Task requirements: State how many lines in these records contain the word "assumes", and nothing else.

***** Provided records

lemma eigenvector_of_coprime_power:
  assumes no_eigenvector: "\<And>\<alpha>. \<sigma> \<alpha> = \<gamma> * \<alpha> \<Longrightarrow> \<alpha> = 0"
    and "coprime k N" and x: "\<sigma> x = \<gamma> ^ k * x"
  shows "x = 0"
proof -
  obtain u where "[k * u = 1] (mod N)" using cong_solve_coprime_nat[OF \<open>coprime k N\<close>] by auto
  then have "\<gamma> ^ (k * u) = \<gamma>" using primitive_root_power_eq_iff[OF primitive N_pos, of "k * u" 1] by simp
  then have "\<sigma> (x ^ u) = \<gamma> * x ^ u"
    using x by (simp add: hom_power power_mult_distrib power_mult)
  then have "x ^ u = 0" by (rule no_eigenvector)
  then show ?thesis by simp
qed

**********
***** Provided records

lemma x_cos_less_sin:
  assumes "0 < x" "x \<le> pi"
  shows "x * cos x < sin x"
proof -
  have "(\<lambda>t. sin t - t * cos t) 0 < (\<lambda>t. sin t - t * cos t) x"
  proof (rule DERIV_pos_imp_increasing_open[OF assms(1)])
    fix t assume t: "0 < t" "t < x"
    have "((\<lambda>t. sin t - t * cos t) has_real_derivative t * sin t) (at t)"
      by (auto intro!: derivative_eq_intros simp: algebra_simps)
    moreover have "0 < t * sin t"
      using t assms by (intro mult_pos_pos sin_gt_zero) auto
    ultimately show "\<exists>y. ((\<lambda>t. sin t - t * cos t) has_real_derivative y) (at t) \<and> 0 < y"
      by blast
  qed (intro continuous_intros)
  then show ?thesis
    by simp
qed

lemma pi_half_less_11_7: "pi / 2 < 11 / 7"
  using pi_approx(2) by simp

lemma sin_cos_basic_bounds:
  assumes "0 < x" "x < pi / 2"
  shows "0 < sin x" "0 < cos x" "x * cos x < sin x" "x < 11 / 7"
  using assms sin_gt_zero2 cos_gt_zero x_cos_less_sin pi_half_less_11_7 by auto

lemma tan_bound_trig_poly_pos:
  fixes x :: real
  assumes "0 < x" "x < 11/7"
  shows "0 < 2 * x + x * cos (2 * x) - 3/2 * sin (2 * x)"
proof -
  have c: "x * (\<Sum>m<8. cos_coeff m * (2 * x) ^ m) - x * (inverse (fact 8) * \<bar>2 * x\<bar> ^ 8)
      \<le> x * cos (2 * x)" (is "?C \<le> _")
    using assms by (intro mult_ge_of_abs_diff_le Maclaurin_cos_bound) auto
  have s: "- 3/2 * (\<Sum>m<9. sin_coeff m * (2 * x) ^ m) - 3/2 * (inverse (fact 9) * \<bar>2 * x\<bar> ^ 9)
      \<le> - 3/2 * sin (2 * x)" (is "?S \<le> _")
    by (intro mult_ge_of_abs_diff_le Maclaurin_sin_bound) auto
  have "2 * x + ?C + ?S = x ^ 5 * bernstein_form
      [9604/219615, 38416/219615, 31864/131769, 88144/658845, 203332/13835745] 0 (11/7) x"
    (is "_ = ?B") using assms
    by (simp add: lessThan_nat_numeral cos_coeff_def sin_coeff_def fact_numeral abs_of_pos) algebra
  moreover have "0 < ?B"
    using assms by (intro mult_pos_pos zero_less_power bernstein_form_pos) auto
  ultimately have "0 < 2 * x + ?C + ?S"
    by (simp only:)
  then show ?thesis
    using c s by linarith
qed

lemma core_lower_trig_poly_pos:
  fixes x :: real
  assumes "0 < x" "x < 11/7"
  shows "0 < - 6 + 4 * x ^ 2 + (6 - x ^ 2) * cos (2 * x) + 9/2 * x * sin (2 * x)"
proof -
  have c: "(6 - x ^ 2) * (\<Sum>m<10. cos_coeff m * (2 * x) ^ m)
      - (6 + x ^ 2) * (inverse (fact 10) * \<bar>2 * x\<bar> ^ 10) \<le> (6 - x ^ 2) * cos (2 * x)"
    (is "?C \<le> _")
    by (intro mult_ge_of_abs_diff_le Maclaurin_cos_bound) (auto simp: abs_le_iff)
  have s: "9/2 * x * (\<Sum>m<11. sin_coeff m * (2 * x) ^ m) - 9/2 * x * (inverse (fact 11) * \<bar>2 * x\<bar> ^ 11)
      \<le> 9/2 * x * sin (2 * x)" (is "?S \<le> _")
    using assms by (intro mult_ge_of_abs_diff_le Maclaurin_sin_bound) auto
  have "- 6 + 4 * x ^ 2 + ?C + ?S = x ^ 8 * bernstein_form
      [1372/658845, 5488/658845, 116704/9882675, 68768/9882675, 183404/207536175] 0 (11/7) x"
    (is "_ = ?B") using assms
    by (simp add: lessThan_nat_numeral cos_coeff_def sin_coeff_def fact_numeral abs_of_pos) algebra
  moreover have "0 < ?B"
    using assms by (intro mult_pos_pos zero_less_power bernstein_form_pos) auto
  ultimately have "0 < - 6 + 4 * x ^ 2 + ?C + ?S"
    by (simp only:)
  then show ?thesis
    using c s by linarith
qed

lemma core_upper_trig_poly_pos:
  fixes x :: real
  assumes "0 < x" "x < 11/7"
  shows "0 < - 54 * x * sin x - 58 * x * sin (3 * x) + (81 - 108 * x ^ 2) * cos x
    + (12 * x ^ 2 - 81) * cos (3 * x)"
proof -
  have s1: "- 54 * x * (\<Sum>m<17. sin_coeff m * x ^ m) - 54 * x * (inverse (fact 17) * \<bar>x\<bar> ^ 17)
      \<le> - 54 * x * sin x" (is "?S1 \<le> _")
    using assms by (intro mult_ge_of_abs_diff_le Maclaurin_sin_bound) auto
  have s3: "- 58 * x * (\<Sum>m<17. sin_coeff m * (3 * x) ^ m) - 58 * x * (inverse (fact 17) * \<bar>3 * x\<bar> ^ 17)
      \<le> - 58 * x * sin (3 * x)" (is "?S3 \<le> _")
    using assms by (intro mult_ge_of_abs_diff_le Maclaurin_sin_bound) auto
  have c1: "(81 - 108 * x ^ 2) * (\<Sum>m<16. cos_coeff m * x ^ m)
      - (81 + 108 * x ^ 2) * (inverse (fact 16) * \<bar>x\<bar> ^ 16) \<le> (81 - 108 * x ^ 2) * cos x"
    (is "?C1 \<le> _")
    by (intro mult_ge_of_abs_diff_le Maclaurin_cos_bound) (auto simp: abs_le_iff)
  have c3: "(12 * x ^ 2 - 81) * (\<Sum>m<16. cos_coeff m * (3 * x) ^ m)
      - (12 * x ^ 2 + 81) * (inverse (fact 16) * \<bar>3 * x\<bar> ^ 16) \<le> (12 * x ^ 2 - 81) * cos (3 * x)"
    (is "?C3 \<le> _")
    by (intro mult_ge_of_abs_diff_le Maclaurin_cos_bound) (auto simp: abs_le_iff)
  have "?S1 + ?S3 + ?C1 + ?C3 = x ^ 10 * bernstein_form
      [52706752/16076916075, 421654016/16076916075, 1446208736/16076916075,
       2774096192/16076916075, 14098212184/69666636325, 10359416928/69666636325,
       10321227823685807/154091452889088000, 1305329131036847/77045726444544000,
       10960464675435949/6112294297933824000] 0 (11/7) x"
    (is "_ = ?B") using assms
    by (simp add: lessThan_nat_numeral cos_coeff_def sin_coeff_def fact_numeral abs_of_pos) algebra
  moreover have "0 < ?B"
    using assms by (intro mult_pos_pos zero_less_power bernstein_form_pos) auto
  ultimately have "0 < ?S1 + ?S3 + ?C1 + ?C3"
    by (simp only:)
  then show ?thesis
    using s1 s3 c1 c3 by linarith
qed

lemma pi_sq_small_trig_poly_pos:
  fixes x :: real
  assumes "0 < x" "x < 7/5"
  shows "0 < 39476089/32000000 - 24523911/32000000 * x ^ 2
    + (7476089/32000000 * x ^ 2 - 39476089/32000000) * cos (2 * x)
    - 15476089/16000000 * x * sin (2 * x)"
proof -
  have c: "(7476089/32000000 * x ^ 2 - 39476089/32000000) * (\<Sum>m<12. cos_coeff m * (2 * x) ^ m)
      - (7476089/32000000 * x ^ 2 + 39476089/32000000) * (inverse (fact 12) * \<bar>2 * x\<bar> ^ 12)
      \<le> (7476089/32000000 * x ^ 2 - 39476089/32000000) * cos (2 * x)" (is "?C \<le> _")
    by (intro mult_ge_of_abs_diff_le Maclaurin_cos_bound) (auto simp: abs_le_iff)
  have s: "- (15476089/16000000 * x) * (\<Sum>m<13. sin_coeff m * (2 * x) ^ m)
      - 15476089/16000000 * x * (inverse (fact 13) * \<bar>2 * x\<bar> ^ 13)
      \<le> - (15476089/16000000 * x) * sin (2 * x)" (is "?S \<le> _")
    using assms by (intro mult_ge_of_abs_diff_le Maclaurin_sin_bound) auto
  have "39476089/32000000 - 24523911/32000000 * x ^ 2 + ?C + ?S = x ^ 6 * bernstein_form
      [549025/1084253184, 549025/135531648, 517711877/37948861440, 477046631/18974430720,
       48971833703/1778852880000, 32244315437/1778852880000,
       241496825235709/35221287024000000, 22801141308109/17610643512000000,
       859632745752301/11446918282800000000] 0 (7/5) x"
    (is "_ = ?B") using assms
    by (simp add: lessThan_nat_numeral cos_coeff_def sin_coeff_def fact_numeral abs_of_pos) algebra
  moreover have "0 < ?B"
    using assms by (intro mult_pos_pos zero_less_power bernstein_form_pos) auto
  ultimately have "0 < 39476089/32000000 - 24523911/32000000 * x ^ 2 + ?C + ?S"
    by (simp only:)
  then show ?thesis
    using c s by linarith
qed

**********

The completed task: 7